Open elray1 opened 10 months ago
A proposed goal would be to allow users to write code like this:
ggplot() +
geom_stepahead_prediction(
mapping = aes(x = target_date),
data = model_output_tbl,
interval_levels = c(0.5, 0.8)
)
ggplot() +
geom_stepahead_prediction(
mapping = aes(x = target_date, group = model_id),
data = model_output_tbl,
interval_levels = c(0.5, 0.8)
)
ggplot() +
geom_stepahead_prediction(
mapping = aes(x = target_date, group = c(model_id, reference_date)),
data = model_output_tbl,
interval_levels = c(0.5, 0.8)
)
ggplot() +
geom_stepahead_prediction(
mapping = aes(x = target_date),
data = model_output_tbl,
interval_levels = c(0.5, 0.8)
) +
facet_wrap(~ model_id)
We should also support things like color, fill, etc. It may be helpful to do this by doing some setup and then calling ggdist::geom_lineribbon
, or else it might be best just to manually add a geom_line
and some geom_ribbon
s.
It may also be that rather than geom_stepahead_prediction
, we instead need to write stat_stepahead_prediction
which does conversions as necessary (in a way that's specific to the output_type
) of a model_output_tbl
into the thing that's naturally plotted by geom_...

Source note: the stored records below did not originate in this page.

lemma one_shallow_top_minorE:
  assumes "one_shallow_top_minor VH EH V E" and "simple_graph VH EH"
  obtains \<phi> P where "shallow_embedding VH EH V E \<phi> P"
proof -
  obtain \<phi> P where "inj_on \<phi> VH" "\<phi> ` VH \<subseteq> V"
    and "\<forall>e\<in>EH. 2 \<le> length (P e) \<and> length (P e) \<le> 4 \<and> distinct (P e) \<and> set (P e) \<subseteq> V \<and>
           \<phi> ` e = {hd (P e), last (P e)} \<and>
           (\<forall>k. Suc k < length (P e) \<longrightarrow> {P e ! k, P e ! Suc k} \<in> E) \<and> inner (P e) \<inter> \<phi> ` VH = {}"
    and "\<forall>e\<in>EH. \<forall>e'\<in>EH. e \<noteq> e' \<longrightarrow> inner (P e) \<inter> inner (P e') = {}"
    using assms(1) unfolding one_shallow_top_minor_def by (elim exE conjE) (rule that)
  then have "shallow_embedding VH EH V E \<phi> P"
    using assms(2) by unfold_locales simp_all
  then show thesis by (rule that)
qed

context shallow_embedding
begin

abbreviation branch :: "'v set" where "branch \<equiv> \<phi> ` VH"

lemma edge_doubleton: "e \<in> EH \<Longrightarrow> \<exists>x y. x \<noteq> y \<and> x \<in> VH \<and> y \<in> VH \<and> e = {x, y}"
  using simple unfolding simple_graph_def by blast

lemma finite_VH: "finite VH"
  using simple unfolding simple_graph_def by blast

lemma finite_EH: "finite EH"
proof -
  have "EH \<subseteq> Pow VH" using edge_doubleton by fastforce
  then show ?thesis using finite_VH finite_subset by auto
qed

lemma card_branch: "card branch = card VH"
  using inj_branch by (simp add: card_image)

definition half_edges :: "('h set \<times> 'h) set" where
  "half_edges = (SIGMA e:EH. e)"

lemma mem_half_edges [simp]: "(e, h) \<in> half_edges \<longleftrightarrow> e \<in> EH \<and> h \<in> e"
  unfolding half_edges_def by blast

lemma half_edge_vertex: "(e, h) \<in> half_edges \<Longrightarrow> h \<in> VH"
  using edge_doubleton by fastforce

lemma half_edge_other_end:
  assumes "(e, h) \<in> half_edges"
  obtains h' where "h' \<in> VH" "h' \<noteq> h" "e = {h, h'}"
proof -
  obtain x y where "x \<noteq> y" "x \<in> VH" "y \<in> VH" "e = {x, y}"
    using edge_doubleton assms by fastforce
  then show thesis using that assms by (cases "h = x") (auto simp: insert_commute)
qed

lemma finite_half_edges: "finite half_edges"
  unfolding half_edges_def using finite_EH finite_VH edge_doubleton by blast

lemma card_half_edges: "card half_edges = 2 * card EH"
proof -
  have "card e = 2" if "e \<in> EH" for e
    using edge_doubleton[OF that] by auto
  moreover have "finite e" if "e \<in> EH" for e
    using edge_doubleton[OF that] by auto
  ultimately show ?thesis unfolding half_edges_def using finite_EH by simp
qed

definition path_from :: "'h set \<times> 'h \<Rightarrow> 'v list" where
  "path_from = (\<lambda>(e, h). if hd (P e) = \<phi> h then P e else rev (P e))"

definition first_step :: "'h set \<times> 'h \<Rightarrow> 'v" where
  "first_step \<iota> = path_from \<iota> ! 1"

lemma path_from_length:
  assumes "(e, h) \<in> half_edges"
  shows "2 \<le> length (path_from (e, h))" "length (path_from (e, h)) \<le> 4"
  using assms path_length unfolding path_from_def by auto

lemma distinct_path_from: "(e, h) \<in> half_edges \<Longrightarrow> distinct (path_from (e, h))"
  using path_distinct unfolding path_from_def by auto

lemma inner_path_from: "inner (path_from (e, h)) = inner (P e)"
  unfolding path_from_def by simp

lemma path_from_edge:
  assumes "(e, h) \<in> half_edges" "Suc k < length (path_from (e, h))"
  shows "{path_from (e, h) ! k, path_from (e, h) ! Suc k} \<in> E"
proof -
  have "e \<in> EH" using assms(1) by simp
  then show ?thesis
    using assms(2) path_edge rev_path_edge[OF path_edge] unfolding path_from_def
    by (simp split: if_splits)
qed

lemma path_from_ends:
  assumes "(e, h) \<in> half_edges"
  shows "hd (path_from (e, h)) = \<phi> h"
    and "\<exists>h'\<in>VH. h' \<noteq> h \<and> e = {h, h'} \<and> last (path_from (e, h)) = \<phi> h'"
proof -
  have e: "e \<in> EH" "h \<in> e" using assms by auto
  obtain h' where h': "h' \<in> VH" "h' \<noteq> h" "e = {h, h'}" using half_edge_other_end[OF assms] .
  have "h \<in> VH" using half_edge_vertex[OF assms] .
  then have ne: "\<phi> h \<noteq> \<phi> h'" using inj_onD[OF inj_branch _ _ h'(1)] h'(2) by blast
  have ends: "{\<phi> h, \<phi> h'} = {hd (P e), last (P e)}" using path_ends[OF e(1)] h'(3) by simp
  have "P e \<noteq> []" using path_length[OF e(1)] by auto
  have "hd (path_from (e, h)) = \<phi> h \<and> last (path_from (e, h)) = \<phi> h'"
  proof (cases "hd (P e) = \<phi> h")
    case True
    then have "last (P e) = \<phi> h'" using ends ne by (auto simp: doubleton_eq_iff)
    then show ?thesis using True unfolding path_from_def by simp
  next
    case False
    then have "last (P e) = \<phi> h" "hd (P e) = \<phi> h'" using ends by (auto simp: doubleton_eq_iff)
    then show ?thesis using False \<open>P e \<noteq> []\<close> unfolding path_from_def by (simp add: hd_rev last_rev)
  qed
  then show "hd (path_from (e, h)) = \<phi> h"
    and "\<exists>h'\<in>VH. h' \<noteq> h \<and> e = {h, h'} \<and> last (path_from (e, h)) = \<phi> h'"
    using h' by auto
qed

lemma path_from_nth_0: "(e, h) \<in> half_edges \<Longrightarrow> path_from (e, h) ! 0 = \<phi> h"
proof -
  assume a: "(e, h) \<in> half_edges"
  then have "path_from (e, h) \<noteq> []" using path_from_length(1)[OF a] by auto
  then show ?thesis using path_from_ends(1)[OF a] by (simp add: hd_conv_nth)
qed

lemma last_path_from_branch: "(e, h) \<in> half_edges \<Longrightarrow> last (path_from (e, h)) \<in> branch"
  using path_from_ends(2) by blast

lemma last_path_from_inj:
  assumes "(e, h) \<in> half_edges" "(e', h) \<in> half_edges"
    and "last (path_from (e, h)) = last (path_from (e', h))"
  shows "e = e'"
proof -
  obtain h2 where h2: "h2 \<in> VH" "e = {h, h2}" "last (path_from (e, h)) = \<phi> h2"
    using path_from_ends(2)[OF assms(1)] by blast
  obtain h3 where h3: "h3 \<in> VH" "e' = {h, h3}" "last (path_from (e', h)) = \<phi> h3"
    using path_from_ends(2)[OF assms(2)] by blast
  have "h2 = h3" using inj_onD[OF inj_branch _ h2(1) h3(1)] h2(3) h3(3) assms(3) by simp
  then show ?thesis using h2(2) h3(2) by simp
qed

lemma path_from_inner:
  assumes "(e, h) \<in> half_edges" "0 < k" "Suc k < length (path_from (e, h))"
  shows "path_from (e, h) ! k \<in> inner (P e) - branch"
  using nth_mem_inner[OF assms(2,3)] path_inner assms(1) by (auto simp: inner_path_from)

lemma path_from_continues:
  assumes "(e, h) \<in> half_edges" "0 < k" "k < length (path_from (e, h))"
    and "path_from (e, h) ! k \<notin> branch"
  shows "Suc k < length (path_from (e, h))"
proof (rule ccontr)
  assume big: "\<not> ?thesis"
  then have "k = length (path_from (e, h)) - 1" using assms(3) by simp
  moreover have "path_from (e, h) \<noteq> []" using assms(3) by auto
  ultimately have "path_from (e, h) ! k = last (path_from (e, h))"
    by (simp add: last_conv_nth)
  then show False using assms(4) last_path_from_branch[OF assms(1)] by simp
qed

lemma path_from_nth_neq:
  assumes "(e, h) \<in> half_edges" "k < i" "i < length (path_from (e, h))"
  shows "path_from (e, h) ! i \<noteq> path_from (e, h) ! k"
  using distinct_path_from[OF assms(1)] assms(2,3) by (simp add: nth_eq_iff_index_eq)

lemma last_path_from_conv_nth:
  "(e, h) \<in> half_edges \<Longrightarrow>
     last (path_from (e, h)) = path_from (e, h) ! (length (path_from (e, h)) - 1)"
  using path_from_length(1) by (metis last_conv_nth list.size(3) not_numeral_le_zero)

lemma first_step_edge: "(e, h) \<in> half_edges \<Longrightarrow> {\<phi> h, first_step (e, h)} \<in> E"
  using path_from_edge[of e h 0] path_from_length[of e h] path_from_nth_0[of e h]
  unfolding first_step_def by simp

lemma first_step_inj:
  assumes "(e, h) \<in> half_edges" "(e', h) \<in> half_edges"
    and "first_step (e, h) = first_step (e', h)"
  shows "e = e'"
proof (cases "first_step (e, h) \<in> branch")
  case True
  have "last (path_from (x, h)) = first_step (x, h)"
    if "(x, h) \<in> half_edges" "first_step (x, h) \<in> branch" for x
  proof -
    have "\<not> Suc 1 < length (path_from (x, h))"
      using path_from_inner[OF that(1), of 1] that(2) unfolding first_step_def by auto
    then have "length (path_from (x, h)) = 2" using path_from_length[OF that(1)] by simp
    moreover from this have "path_from (x, h) \<noteq> []" by auto
    ultimately show ?thesis unfolding first_step_def by (simp add: last_conv_nth)
  qed
  from this[OF assms(1) True] this[OF assms(2)]
  have "last (path_from (e, h)) = last (path_from (e', h))" using True assms(3) by simp
  then show ?thesis using last_path_from_inj[OF assms(1,2)] by simp
next
  case False
  have "first_step (x, h) \<in> inner (P x)"
    if "(x, h) \<in> half_edges" "first_step (x, h) \<notin> branch" for x
    using path_from_continues[OF that(1), of 1] path_from_length[OF that(1)]
      path_from_inner[OF that(1), of 1] that(2)
    unfolding first_step_def by fastforce
  from this[OF assms(1) False] this[OF assms(2)]
  have "first_step (e, h) \<in> inner (P e) \<inter> inner (P e')" using False assms(3) by simp
  then show ?thesis using inner_disjoint[of e e'] assms(1,2) by auto
qed

definition half_edges_at :: "'v \<Rightarrow> ('h set \<times> 'h) set" where
  "half_edges_at x = {\<iota> \<in> half_edges. \<phi> (snd \<iota>) = x}"

definition branch_degree :: "'v \<Rightarrow> nat" where
  "branch_degree x = card (half_edges_at x)"

lemma card_half_edges_eq_sum_branch_degree: "card half_edges = (\<Sum>x\<in>branch. branch_degree x)"
  unfolding branch_degree_def half_edges_at_def
  by (rule card_eq_sum_card_fibres) (auto simp: finite_half_edges finite_VH half_edge_vertex)

lemma inj_on_half_edges_atI:
  assumes "\<And>e e' h. (e, h) \<in> half_edges \<Longrightarrow> (e', h) \<in> half_edges \<Longrightarrow>
      f (e, h) = f (e', h) \<Longrightarrow> e = e'"
  shows "inj_on f (half_edges_at x)"
proof (rule inj_onI)
  fix \<iota> \<kappa> assume at: "\<iota> \<in> half_edges_at x" "\<kappa> \<in> half_edges_at x" and eq: "f \<iota> = f \<kappa>"
  obtain e h e' h' where \<iota>\<kappa>: "\<iota> = (e, h)" "\<kappa> = (e', h')" by fastforce
  have "(e, h) \<in> half_edges" "(e', h') \<in> half_edges" "\<phi> h = \<phi> h'"
    using at \<iota>\<kappa> unfolding half_edges_at_def by auto
  moreover from this have "h = h'" using inj_onD[OF inj_branch] half_edge_vertex by simp
  ultimately show "\<iota> = \<kappa>" using assms eq \<iota>\<kappa> by simp
qed

lemma first_step_inj_on_half_edges_at: "inj_on first_step (half_edges_at x)"
  using first_step_inj by (rule inj_on_half_edges_atI)

lemma last_path_from_inj_on_half_edges_at: "inj_on (\<lambda>\<iota>. last (path_from \<iota>)) (half_edges_at x)"
  using last_path_from_inj by (rule inj_on_half_edges_atI)

lemma first_step_image: "first_step ` half_edges_at x \<subseteq> {y. {x, y} \<in> E}"
  unfolding half_edges_at_def using first_step_edge by auto

lemma branch_degree_le:
  assumes "finite N" "{y. {x, y} \<in> E} \<subseteq> N"
  shows "branch_degree x \<le> card N"
  unfolding branch_degree_def
  using card_inj_on_le[OF first_step_inj_on_half_edges_at] first_step_image assms by blast

lemma branch_degree_eq_imp_first_step:
  assumes "finite N" "{y. {x, y} \<in> E} \<subseteq> N" "branch_degree x = card N" "y \<in> N"
  shows "\<exists>\<iota>\<in>half_edges_at x. first_step \<iota> = y"
proof -
  have "card (first_step ` half_edges_at x) = card N"
    using assms(3) first_step_inj_on_half_edges_at unfolding branch_degree_def
    by (simp add: card_image)
  then have "first_step ` half_edges_at x = N"
    using card_seteq[OF assms(1), of "first_step ` half_edges_at x"] first_step_image assms(2)
    by auto
  then show ?thesis using assms(4) by blast
qed

end

lemma G_vertsE:
  assumes "x \<in> G_verts m p cl"
  obtains "x = Apex"
    | j t where "x = Cyc j t" "j < p" "t < deg m cl j"
    | j t s where "x = SubC j t s" "j < p" "t < deg m cl j" "s < 2"
    | j t s where "x = SubA j t s" "j < p" "t < deg m cl j" "s < 2"
    | i j where "x = Tri i j" "i < m" "j \<in> cl i"
  using assms unfolding G_verts_def by blast

lemma G_nbrs_SubC0: "{y. {SubC j t 0, y} \<in> G_edges m p cl ord} \<subseteq> {Cyc j t, SubC j t 1}"
  unfolding G_edges_def by (auto simp: doubleton_eq_iff)

lemma G_nbrs_SubC1:
  "{y. {SubC j t 1, y} \<in> G_edges m p cl ord} \<subseteq> {SubC j t 0, Cyc j ((t + 1) mod deg m cl j)}"
  unfolding G_edges_def by (auto simp: doubleton_eq_iff)

lemma G_nbrs_SubA0: "{y. {SubA j t 0, y} \<in> G_edges m p cl ord} \<subseteq> {Apex, SubA j t 1}"
  unfolding G_edges_def by (auto simp: doubleton_eq_iff)

lemma G_nbrs_SubA1: "{y. {SubA j t 1, y} \<in> G_edges m p cl ord} \<subseteq> {SubA j t 0, Cyc j t}"
  unfolding G_edges_def by (auto simp: doubleton_eq_iff)

lemma G_nbr_Apex:
  "{Apex, y} \<in> G_edges m p cl ord \<Longrightarrow> \<exists>j t. j < p \<and> t < deg m cl j \<and> y = SubA j t 0"
  unfolding G_edges_def by (auto simp: doubleton_eq_iff)

lemma G_nbr_Tri:
  "{Tri i j, y} \<in> G_edges m p cl ord \<Longrightarrow>
     (\<exists>k\<in>cl i. k \<noteq> j \<and> y = Tri i k) \<or> (\<exists>t<deg m cl j. ord j t = i \<and> y = Cyc j t)"
  unfolding G_edges_def by (auto simp: doubleton_eq_iff)

definition cycle_nbrs ::
  "nat \<Rightarrow> (nat \<Rightarrow> nat set) \<Rightarrow> (nat \<Rightarrow> nat \<Rightarrow> nat) \<Rightarrow> nat \<Rightarrow> nat \<Rightarrow> gvert set" where
  "cycle_nbrs m cl ord j t =
     {SubC j t 0, SubA j t 1, Tri (ord j t) j, SubC j (if t = 0 then deg m cl j - 1 else t - 1) 1}"

lemma G_nbrs_Cyc: "{y. {Cyc j t, y} \<in> G_edges m p cl ord} \<subseteq> cycle_nbrs m cl ord j t"
proof
  fix y assume "y \<in> {y. {Cyc j t, y} \<in> G_edges m p cl ord}"
  then have "y \<in> {SubC j t 0, SubA j t 1, Tri (ord j t) j} \<or>
      (\<exists>t'<deg m cl j. (t' + 1) mod deg m cl j = t \<and> y = SubC j t' 1)"
    unfolding G_edges_def by (auto simp: doubleton_eq_iff)
  moreover have "t' = (if t = 0 then deg m cl j - 1 else t - 1)"
    if "t' < deg m cl j" "(t' + 1) mod deg m cl j = t" for t'
  proof (cases "t' + 1 < deg m cl j")
    case False
    then have "t' + 1 = deg m cl j" using that(1) by simp
    then show ?thesis using that(2) by auto
  qed (use that in auto)
  ultimately show "y \<in> cycle_nbrs m cl ord j t" unfolding cycle_nbrs_def by auto
qed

(I'm not really sure how this works).
I like the idea and would welcome the opportunity to dig deeper into low level ggplot programming
A few scattered thoughts (from someone without much low level ggplot experience)...
geom_lineribbon
from ggdist
seemed at first like an appealing solution to build a wrapper around, but I came away from my investigation with 2 main concerns:
1) A design premise for geom_lineribbon
seems to be that a sufficient set of basic visual ingredients for plotting a series of distributions (predictive or otherwise) along a time axis are a point element and an interval element. I kind of like this idea but also felt like it was something that should be discussed before any one person devoted much time into building the wrapper.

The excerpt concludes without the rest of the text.